lemma sum_up_diagonal:
  fixes A :: "nat \<Rightarrow> nat \<Rightarrow> real"
  assumes "k < n"
  shows "(\<Sum>(i, j)\<in>{(i, j). i < n \<and> j < n \<and> (i + j) mod n = k}. A i j) = line_sum n A (n - 1) k"
  unfolding line_sum_def
proof (rule sum_over_graph)
  fix i j assume "i < n" "j < n"
  have "j = (k + (n - 1) * i) mod n \<longleftrightarrow> [k + (n - 1) * i = j] (mod n)"
    using \<open>j < n\<close> by (auto simp: cong_def)
  also have "\<dots> \<longleftrightarrow> [k + (n - 1) * i + i = j + i] (mod n)"
    by (simp add: cong_add_rcancel_nat)
  also have "\<dots> \<longleftrightarrow> [k + n * i = i + j] (mod n)"
    using \<open>i < n\<close> by (cases n) (simp_all add: algebra_simps)
  also have "\<dots> \<longleftrightarrow> [k = i + j] (mod n)"
    by (simp add: cong_def)
  also have "\<dots> \<longleftrightarrow> (i + j) mod n = k"
    using assms by (auto simp: cong_def)
  finally show "(i + j) mod n = k \<longleftrightarrow> j = (k + (n - 1) * i) mod n"
    by blast
qed simp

### Task to carry out:
From the records above, transcribe without alteration every line from the one with "using \<open>j <" to the one with "using assms by (auto simp: cong_def)", inclusive.

### Answer section:
    using \<open>j < n\<close> by (auto simp: cong_def)
  also have "\<dots> \<longleftrightarrow> [k + (n - 1) * i + i = j + i] (mod n)"
    by (simp add: cong_add_rcancel_nat)
  also have "\<dots> \<longleftrightarrow> [k + n * i = i + j] (mod n)"
    using \<open>i < n\<close> by (cases n) (simp_all add: algebra_simps)
  also have "\<dots> \<longleftrightarrow> [k = i + j] (mod n)"
    by (simp add: cong_def)
  also have "\<dots> \<longleftrightarrow> (i + j) mod n = k"
    using assms by (auto simp: cong_def)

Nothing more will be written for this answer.